Copy precisely the first line of the material below and every later line, stopping with the line that contains "(\<exists>(P :: (nat".

### EXERCISE DATA
---

(* There exists a context-free monoid none of whose maximal subgroups is finitely generated. *)

theory Defs
  imports "HOL-Algebra.Generated_Groups"
begin

inductive cfg_derives :: "(nat \<times> (nat + 't) list) set \<Rightarrow> (nat + 't) list \<Rightarrow> (nat + 't) list \<Rightarrow> bool"
  for P where
  refl: "cfg_derives P u u"
| step: "cfg_derives P u (\<alpha> @ [Inl A] @ \<beta>) \<Longrightarrow> (A, \<gamma>) \<in> P \<Longrightarrow> cfg_derives P u (\<alpha> @ \<gamma> @ \<beta>)"

definition context_free :: "'t list set \<Rightarrow> bool" where
  "context_free L \<longleftrightarrow>
     (\<exists>(P :: (nat \<times> (nat + 't) list) set) S. finite P \<and>
        L = {w. cfg_derives P [Inl S] (map Inr w)})"

definition eval_word :: "('a, 'b) monoid_scheme \<Rightarrow> 'a list \<Rightarrow> 'a" where
  "eval_word M w = foldr (\<lambda>x y. x \<otimes>\<^bsub>M\<^esub> y) w \<one>\<^bsub>M\<^esub>"

text \<open>The word problem w.r.t. the finite generating set A is
  { u # v^rev : u =_M v }, with the marker # encoded as None.\<close>

definition word_problem :: "('a, 'b) monoid_scheme \<Rightarrow> 'a set \<Rightarrow> 'a option list set" where
  "word_problem M A =
     {map Some u @ [None] @ rev (map Some v) | u v.
        set u \<subseteq> A \<and> set v \<subseteq> A \<and> eval_word M u = eval_word M v}"

definition context_free_monoid :: "('a, 'b) monoid_scheme \<Rightarrow> bool" where
  "context_free_monoid M \<longleftrightarrow> monoid M \<and>
     (\<exists>A. finite A \<and> A \<subseteq> carrier M \<and>
        (\<forall>x\<in>carrier M. \<exists>w. set w \<subseteq> A \<and> eval_word M w = x) \<and>
        context_free (word_problem M A))"

text \<open>The maximal subgroup of M at the idempotent e: the group of units of eMe
  (equivalently the H-class of e), with identity e.\<close>

definition max_subgroup :: "('a, 'b) monoid_scheme \<Rightarrow> 'a \<Rightarrow> 'a monoid" where
  "max_subgroup M e =
     \<lparr> carrier = {x \<in> carrier M. e \<otimes>\<^bsub>M\<^esub> x = x \<and> x \<otimes>\<^bsub>M\<^esub> e = x \<and>
                    (\<exists>y\<in>carrier M. e \<otimes>\<^bsub>M\<^esub> y = y \<and> y \<otimes>\<^bsub>M\<^esub> e = y \<and>
                       x \<otimes>\<^bsub>M\<^esub> y = e \<and> y \<otimes>\<^bsub>M\<^esub> x = e)},
       mult = mult M, one = e \<rparr>"

definition finitely_generated_group :: "('a, 'b) monoid_scheme \<Rightarrow> bool" where
  "finitely_generated_group G \<longleftrightarrow>
     (\<exists>S. finite S \<and> S \<subseteq> carrier G \<and> generate G S = carrier G)"

end

theory Submission
  imports Defs "HOL-Library.Countable"
begin

(* The monoid is M = <P, Q, A | (P A^n Q)^2 = 1 for all n>. Applying the relators greedily on a
   stack gives normal forms, and two words are equal in M iff they reduce to the same normal
   form c1 ... ck, i.e. arise from it by inserting words equal to 1 between the letters. Those
   words are generated by a context-free grammar, hence so is the word problem.

   A pushdown counter (P opens a counter, A increments it, Q closes it and records the parity of
   its value) makes left-invertible elements act by symmetric difference on finite sets of
   naturals, with the involution P A^n Q acting as {n}. Every idempotent factors as e = r l with
   l r = 1, and x |-> l x r is then a homomorphism from the maximal subgroup at e whose image
   contains {n} for every n, which no finitely generated group can achieve. *)

section \<open>Context-free grammars\<close>

lemma cfg_derives_trans:
  assumes "cfg_derives G u v" and "cfg_derives G v w"
  shows "cfg_derives G u w"
  using assms(2,1) by (induction rule: cfg_derives.induct) (auto intro: cfg_derives.step)

lemma cfg_derives_context: "cfg_derives G u v \<Longrightarrow> cfg_derives G (x @ u @ y) (x @ v @ y)"
proof (induction rule: cfg_derives.induct)
  case (step u \<alpha> B \<beta> \<gamma>)
  then show ?case using cfg_derives.step[of G "x @ u @ y" "x @ \<alpha>" B "\<beta> @ y" \<gamma>] by simp
qed (rule cfg_derives.refl)

lemma cfg_derives_append:
  assumes "cfg_derives G u u'" and "cfg_derives G v v'"
  shows "cfg_derives G (u @ v) (u' @ v')"
  using cfg_derives_context[OF assms(1), of "[]" v] cfg_derives_context[OF assms(2), of u' "[]"]
  by (auto intro: cfg_derives_trans)

lemma cfg_derives_concat:
  "list_all2 (\<lambda>X w. cfg_derives G [X] w) xs ws \<Longrightarrow> cfg_derives G xs (concat ws)"
proof (induction rule: list_all2_induct)
  case Nil
  then show ?case by (simp add: cfg_derives.refl)
next
  case (Cons X xs w ws)
  then show ?case using cfg_derives_append[of G "[X]" w xs "concat ws"] by simp
qed

lemma cfg_derives_by_production:
  assumes "(B, \<gamma>) \<in> G" and "list_all2 (\<lambda>X w. cfg_derives G [X] w) \<gamma> ws" and "concat ws = w"
  shows "cfg_derives G [Inl B] w"
proof -
  have "cfg_derives G [Inl B] \<gamma>"
    using cfg_derives.step[OF cfg_derives.refl[of G "[] @ [Inl B] @ []"] assms(1)] by simp
  then show ?thesis using cfg_derives_trans cfg_derives_concat[OF assms(2)] assms(3) by blast
qed

definition conc :: "'a list set \<Rightarrow> 'a list set \<Rightarrow> 'a list set" where
  "conc X Y = {u @ v | u v. u \<in> X \<and> v \<in> Y}"

fun form_lang :: "(nat \<Rightarrow> 't list set) \<Rightarrow> (nat + 't) list \<Rightarrow> 't list set" where
  "form_lang L [] = {[]}"
| "form_lang L (x # xs) = conc (case x of Inl B \<Rightarrow> L B | Inr t \<Rightarrow> {[t]}) (form_lang L xs)"

lemma form_lang_append: "form_lang L (xs @ ys) = conc (form_lang L xs) (form_lang L ys)"
  by (induction xs) (auto simp: conc_def, metis append.assoc, metis append.assoc)

lemma conc_Nil [simp]: "conc X {[]} = X"
  by (simp add: conc_def)

lemma conc_mono: "X \<subseteq> X' \<Longrightarrow> Y \<subseteq> Y' \<Longrightarrow> conc X Y \<subseteq> conc X' Y'"
  by (auto simp: conc_def)

lemma form_lang_Inl: "form_lang L [Inl B] = L B"
  by simp

lemma form_lang_map_Inr [simp]: "form_lang L (map Inr w) = {w}"
  by (induction w) (auto simp: conc_def)

lemma cfg_derives_sound:
  assumes sound: "\<And>B \<gamma>. (B, \<gamma>) \<in> G \<Longrightarrow> form_lang L \<gamma> \<subseteq> L B"
  shows "cfg_derives G u v \<Longrightarrow> form_lang L v \<subseteq> form_lang L u"
proof (induction rule: cfg_derives.induct)
  case (step u \<alpha> B \<beta> \<gamma>)
  have "form_lang L (\<alpha> @ \<gamma> @ \<beta>) \<subseteq> form_lang L (\<alpha> @ [Inl B] @ \<beta>)"
    using sound[OF step.hyps(2)] unfolding form_lang_append form_lang_Inl
    by (intro conc_mono) auto
  then show ?case using step.IH by blast
qed simp

fun rename_terminals :: "('t \<Rightarrow> 's) \<Rightarrow> nat + 't \<Rightarrow> nat + 's" where
  "rename_terminals h (Inl B) = Inl B"
| "rename_terminals h (Inr t) = Inr (h t)"

definition rename_grammar :: "('t \<Rightarrow> 's) \<Rightarrow> (nat \<times> (nat + 't) list) set \<Rightarrow> (nat \<times> (nat + 's) list) set" where
  "rename_grammar h G = (\<lambda>(B, \<gamma>). (B, map (rename_terminals h) \<gamma>)) ` G"

lemma cfg_derives_rename:
  "cfg_derives G u v \<Longrightarrow>
     cfg_derives (rename_grammar h G) (map (rename_terminals h) u) (map (rename_terminals h) v)"
proof (induction rule: cfg_derives.induct)
  case (step u \<alpha> B \<beta> \<gamma>)
  have "(B, map (rename_terminals h) \<gamma>) \<in> rename_grammar h G"
    using step.hyps(2) by (force simp: rename_grammar_def)
  moreover have "cfg_derives (rename_grammar h G) (map (rename_terminals h) u)
      (map (rename_terminals h) \<alpha> @ [Inl B] @ map (rename_terminals h) \<beta>)"
    using step.IH by simp
  ultimately show ?case using cfg_derives.step by fastforce
qed (rule cfg_derives.refl)

lemma cfg_derives_rename_inv:
  "cfg_derives (rename_grammar h G) u' v' \<Longrightarrow> u' = map (rename_terminals h) u \<Longrightarrow>
     \<exists>v. v' = map (rename_terminals h) v \<and> cfg_derives G u v"
proof (induction rule: cfg_derives.induct)
  case refl
  then show ?case using cfg_derives.refl by blast
next
  case (step u' \<alpha> B \<beta> \<gamma>')
  then obtain v where v: "map (rename_terminals h) v = \<alpha> @ Inl B # \<beta>" "cfg_derives G u v"
    by auto
  then obtain v1 x v2 where v1: "v = v1 @ x # v2" "\<alpha> = map (rename_terminals h) v1"
      "rename_terminals h x = Inl B" "\<beta> = map (rename_terminals h) v2"
    by (auto simp: map_eq_append_conv Cons_eq_map_conv)
  then have x: "x = Inl B" by (cases x) auto
  obtain \<gamma> where \<gamma>: "(B, \<gamma>) \<in> G" "\<gamma>' = map (rename_terminals h) \<gamma>"
    using step.hyps(2) by (auto simp: rename_grammar_def)
  have "cfg_derives G u (v1 @ \<gamma> @ v2)"
    using cfg_derives.step[of G u v1 B v2 \<gamma>] v(2) v1(1) x \<gamma>(1) by simp
  then show ?case using v1 \<gamma>(2) by (intro exI[of _ "v1 @ \<gamma> @ v2"]) simp
qed

lemma map_rename_terminals_eq_map_Inr:
  "map (rename_terminals h) v = map Inr w' \<Longrightarrow> \<exists>w. v = map Inr w \<and> w' = map h w"
proof (induction v arbitrary: w')
  case (Cons x v)
  then show ?case by (cases x; cases w') (auto simp: Cons_eq_map_conv)
qed simp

---

### WRITTEN SOLUTION
(* There exists a context-free monoid none of whose maximal subgroups is finitely generated. *)

theory Defs
  imports "HOL-Algebra.Generated_Groups"
begin

inductive cfg_derives :: "(nat \<times> (nat + 't) list) set \<Rightarrow> (nat + 't) list \<Rightarrow> (nat + 't) list \<Rightarrow> bool"
  for P where
  refl: "cfg_derives P u u"
| step: "cfg_derives P u (\<alpha> @ [Inl A] @ \<beta>) \<Longrightarrow> (A, \<gamma>) \<in> P \<Longrightarrow> cfg_derives P u (\<alpha> @ \<gamma> @ \<beta>)"

definition context_free :: "'t list set \<Rightarrow> bool" where
  "context_free L \<longleftrightarrow>
     (\<exists>(P :: (nat \<times> (nat + 't) list) set) S. finite P \<and>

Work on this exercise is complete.